START DATA FOR REVIEW

lemma sigma_minus_all_ones:
  "sigma_minus i (all_ones n) xs = (if length xs = n \<and> zeros xs = {i} then 1 else 0)"
proof -
  have "xs[i := True] = replicate n True \<longleftrightarrow> length xs = n \<and> zeros (xs[i := True]) = {}"
    using zeros_empty_iff[of "xs[i := True]"] by (metis length_list_update length_replicate)
  then have "xs[i := True] = replicate n True \<longleftrightarrow> length xs = n \<and> zeros xs - {i} = {}"
    by (simp only: zeros_list_update_True)
  then have "i \<in> zeros xs \<and> xs[i := True] = replicate n True \<longleftrightarrow> length xs = n \<and> zeros xs = {i}"
    by blast
  then show ?thesis
    by (auto simp: sigma_minus_apply all_ones_def)
qed

lemma norm_omega [simp]: "norm (omega n) = 1"
  by (simp add: omega_def)

lemma omega_mult_cnj_omega: "omega n * cnj (omega n) = 1"
  by (simp add: complex_norm_square[symmetric])

lemma omega_pow_self: "0 < n \<Longrightarrow> omega n ^ n = 1"
  by (simp add: omega_def DeMoivre)

lemma omega_neq_1:
  assumes "2 \<le> n"
  shows "omega n \<noteq> 1"
proof
  assume "omega n = 1"
  then have "cis (2 * pi * real 1 / real n) = cis (2 * pi * real 0 / real n)"
    by (simp add: omega_def)
  then have "(1::nat) = 0"
    using assms by (intro inj_onD[OF bij_betw_imp_inj_on[OF bij_betw_roots_unity]]) auto
  then show False
    by simp
qed

lemma sum_omega_powers: "2 \<le> n \<Longrightarrow> (\<Sum>j<n. omega n ^ j) = 0"
  by (simp add: geometric_sum omega_neq_1 omega_pow_self)

lemma Psi_apply:
  "Psi n xs = (if length xs = n \<and> card (zeros xs) = 1 then (\<Sum>j\<in>zeros xs. omega n ^ j) else 0)"
proof (cases "length xs = n \<and> card (zeros xs) = 1")
  case True
  then obtain i where i: "zeros xs = {i}" "i < n"
    using zeros_subset by (fastforce simp: card_Suc_eq)
  have "Psi n xs = cnj (omega n) * (\<Sum>j<n. if j = i then omega n ^ (j + 1) else 0)"
    unfolding Psi_def using True i by (intro arg_cong2[where f = "(*)"] sum.cong) (auto simp: sigma_minus_all_ones)
  also have "\<dots> = omega n ^ i"
    using i by (simp add: mult.left_commute omega_mult_cnj_omega)
  finally show ?thesis using True i by simp
next
  case False
  then have "sigma_minus i (all_ones n) xs = 0" for i
    by (auto simp: sigma_minus_all_ones)
  then show ?thesis
    using False by (auto simp: Psi_def)
qed

lemma sum_sum_remove:
  fixes f :: "'a \<Rightarrow> 'b :: comm_ring_1"
  assumes "finite Z"
  shows "(\<Sum>i\<in>Z. sum f (Z - {i})) = of_nat (card Z - 1) * sum f Z"
proof (cases "Z = {}")
  case False
  have "(\<Sum>i\<in>Z. sum f (Z - {i})) = (\<Sum>i\<in>Z. sum f Z - f i)"
    using assms by (intro sum.cong) (auto simp: sum_diff1)
  also have "\<dots> = of_nat (card Z) * sum f Z - sum f Z"
    by (simp add: sum_subtractf)
  also have "\<dots> = of_nat (card Z - 1) * sum f Z"
    using False assms by (simp add: of_nat_diff card_gt_0_iff Suc_le_eq algebra_simps)
  finally show ?thesis .
qed simp

lemma magnon_amplitude:
  "(S_minus n ^^ s) (Psi n) xs =
     (if length xs = n \<and> card (zeros xs) = s + 1 then fact s * (\<Sum>j\<in>zeros xs. omega n ^ j) else 0)"
proof (induction s arbitrary: xs)
  case 0
  then show ?case by (simp add: Psi_apply)
next
  case (Suc s)
  show ?case
  proof (cases "length xs = n")
    case True
    let ?Z = "zeros xs"
    have "(S_minus n ^^ Suc s) (Psi n) xs = (\<Sum>i\<in>?Z. (S_minus n ^^ s) (Psi n) (xs[i := True]))"
      using True by (simp add: S_minus_apply)
    also have "\<dots> = (\<Sum>i\<in>?Z. if card (?Z - {i}) = s + 1 then fact s * (\<Sum>j\<in>?Z - {i}. omega n ^ j) else 0)"
      unfolding Suc.IH zeros_list_update_True using True by simp
    also have "\<dots> = (if card ?Z = s + 2 then fact s * (\<Sum>i\<in>?Z. \<Sum>j\<in>?Z - {i}. omega n ^ j) else 0)"
      by (auto simp: sum_distrib_left intro!: sum.neutral)
    also have "\<dots> = (if card ?Z = Suc s + 1 then fact (Suc s) * (\<Sum>j\<in>?Z. omega n ^ j) else 0)"
      by (simp add: sum_sum_remove algebra_simps)
    finally show ?thesis using True by simp
  next
    case False
    have "(S_minus n ^^ Suc s) (Psi n) xs = (\<Sum>i<n. sigma_minus i ((S_minus n ^^ s) (Psi n)) xs)"
      by (simp add: S_minus_def)
    also have "\<dots> = 0"
      using False by (intro sum.neutral) (simp add: sigma_minus_apply Suc.IH zeros_def)
    finally show ?thesis
      using False by simp
  qed
qed

lemma card_supersets:
  assumes "finite A" "B \<subseteq> A"
  shows "card {Z. B \<subseteq> Z \<and> Z \<subseteq> A \<and> card Z = card B + m} = (card A - card B) choose m"
proof -
  have "finite B"
    using assms finite_subset by blast
  have card_Un: "card (W \<union> B) = card B + card W" if "W \<subseteq> A - B" for W
    using that assms \<open>finite B\<close> by (subst card_Un_disjoint) (auto intro: finite_subset)
  have "bij_betw (\<lambda>W. W \<union> B) {W. W \<subseteq> A - B \<and> card W = m} {Z. B \<subseteq> Z \<and> Z \<subseteq> A \<and> card Z = card B + m}"
  proof (rule bij_betw_byWitness[where f' = "\<lambda>Z. Z - B"])
    show "(\<lambda>W. W \<union> B) ` {W. W \<subseteq> A - B \<and> card W = m} \<subseteq> {Z. B \<subseteq> Z \<and> Z \<subseteq> A \<and> card Z = card B + m}"
      using assms card_Un by auto
    show "(\<lambda>Z. Z - B) ` {Z. B \<subseteq> Z \<and> Z \<subseteq> A \<and> card Z = card B + m} \<subseteq> {W. W \<subseteq> A - B \<and> card W = m}"
      using \<open>finite B\<close> by (auto simp: card_Diff_subset)
  qed auto
  then have "card {Z. B \<subseteq> Z \<and> Z \<subseteq> A \<and> card Z = card B + m} = card (A - B) choose m"
    using assms by (simp add: bij_betw_same_card[symmetric] n_subsets)
  then show ?thesis
    using assms \<open>finite B\<close> by (simp add: card_Diff_subset)
qed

END DATA FOR REVIEW

◆ WORK REQUEST ◆
Reproduce only this range: the first line of the data above through the line with "by (simp only: zeros_list_update_True)", both included, exactly as written.

◆ EXERCISE RESULT ◆
lemma sigma_minus_all_ones:
  "sigma_minus i (all_ones n) xs = (if length xs = n \<and> zeros xs = {i} then 1 else 0)"
proof -
  have "xs[i := True] = replicate n True \<longleftrightarrow> length xs = n \<and> zeros (xs[i := True]) = {}"
    using zeros_empty_iff[of "xs[i := True]"] by (metis length_list_update length_replicate)
  then have "xs[i := True] = replicate n True \<longleftrightarrow> length xs = n \<and> zeros xs - {i} = {}"
    by (simp only: zeros_list_update_True)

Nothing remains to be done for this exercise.